Paul states that God's way of dealing with the Israelites, the way of the law, was a "ministry of death".  It begs the question, then, "Why did God choose to establish the 10 commandments and the Mosaic Law?"  Most theologians agree that He did it for a couple of reasons:
1.  To show people how to live clean, honorable and productive lives
2.  To show people that keeping God's standards of holiness is impossible.

In Christ, we who believe in Him partake of His new covenant, not the old, condemnatory covenant of death (the Law).  He lifts the veil from our eyes and minds, allowing us to see God the Father in a revolutionary revelation.  Because of this, we are actual recipients of God's glory in a way Moses could never have been.  Because His Holy Spirit lives within us continually, we are to an ever-greater degree reflecting the glory of our Lord as we are transformed more and more into His image.  The Lord God Himself does this in our lives.
Remember what I said earlier about how, in the traditional Christian marriage ceremony the groom lifts the bride's veil?  A beautiful picture of what Jesus Christ does for His own Bride, is it not?

Another image that comes to mind here is the image of what was called the Temple Veil, which was supernaturally split in two from top to bottom, during the earthquake that occurred the moment Christ died on the cross (Matt. 27:51, Mark 15:38, Luke 23:45).

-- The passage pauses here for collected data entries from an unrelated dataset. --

(* Consider, for $x\ge0$, the planar system $$\dot x=1,\qquad \dot y=-ay-\sin\!\left[\pi x\left(1+\tfrac12\lambda\right)\right],$$ with $\lambda=\operatorname{sign}(y)$ for $y\ne0$ and $\lambda\in(-1,1)$ on $y=0$. For all $a>0$ there exists $x_a\in(2,4)$ such that the system has a unique sliding $4$-periodic solution $y_d(x)$ which lies in $\overline S_-=\{y\le 0\}$ and satisfies $$y_d(x)<0 \text{ for } x\in(4n,4n+x_a),\qquad y_d(x)=0 \text{ for } x\in\{0\}\cup[4n+x_a,4(n+1)],\qquad n\in\mathbb{N}.$$
   Context: For $y>0$ the system is $\dot y=-ay-\sin(3\pi x/2)$ and for $y<0$ it is $\dot y=-ay-\sin(\pi x/2)$. The sliding manifold is $\Lambda^N=\{(x,0):x\in(\frac{2n}{3},2n),\ n\ge1\}$, the set of points on $y=0$ where some $\lambda\in(-1,1)$ gives $\sin[\pi x(1+\lambda/2)]=0$; a solution may remain on $y=0$ (with $\dot x=1$) over an interval only while on $\Lambda^N$. A periodic solution is sliding if part of it lies on $\Lambda^N$. *)

theory Defs
  imports "HOL-Analysis.Analysis"
begin

text \<open>Abscissae of the sliding manifold Lambda^N = {(x,0) : x in (2n/3, 2n), n >= 1}.\<close>
definition sliding_set :: "real set" where
  "sliding_set = {x. \<exists>n::nat. n \<ge> 1 \<and> 2 * real n / 3 < x \<and> x < 2 * real n}"

definition sys_rhs :: "real \<Rightarrow> real \<Rightarrow> real \<Rightarrow> real \<Rightarrow> real" where
  "sys_rhs a lam x y = - a * y - sin (pi * x * (1 + lam / 2))"

definition admissible_lambda :: "real \<Rightarrow> real \<Rightarrow> bool" where
  "admissible_lambda y lam \<longleftrightarrow> (if y \<noteq> 0 then lam = sgn y else -1 < lam \<and> lam < 1)"

text \<open>A solution for x >= 0 (x is the time, since dx/dt = 1): continuous on [0,oo),
  satisfying the differential equation with an admissible lambda at every x > 0 outside
  a countable exceptional set, and remaining on y = 0 over an interval only while on
  Lambda^N.\<close>
definition is_solution :: "real \<Rightarrow> (real \<Rightarrow> real) \<Rightarrow> bool" where
  "is_solution a y \<longleftrightarrow>
     continuous_on {0..} y \<and>
     (\<exists>S. countable S \<and>
        (\<forall>x. 0 < x \<and> x \<notin> S \<longrightarrow>
           (\<exists>lam. admissible_lambda (y x) lam \<and>
                  (y has_real_derivative sys_rhs a lam x (y x)) (at x)))) \<and>
     (\<forall>c d. 0 \<le> c \<and> c < d \<and> (\<forall>x\<in>{c<..<d}. y x = 0) \<longrightarrow> {c<..<d} \<subseteq> sliding_set)"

God did this to symbolize the removal of the barrier between God the Father and His creation, mankind, because it revealed the most holy room of the Temple, the Holy of Holies, the place where the presence of God would come down to meet with select priests, who represented God's people.  With Christ's finished work, however, (under His new covenant) there was no longer any need for such separation, or even a priest, as Jesus Christ is now our "High Priest", our only pathway to the Father.  Glory to God!

Dear Father,
Thank you for how you tore down the veil separating us from You, by providing the eternal solution to our sin problem, through Your Son.  Thank you for how Jesus Christ lifts the veil of His Bride, the Church Universal, as He transforms each of us, His children, more and more into His glory.  May we reflect His glory in our unveiled faces, more and more each day.  In Jesus' name, amen.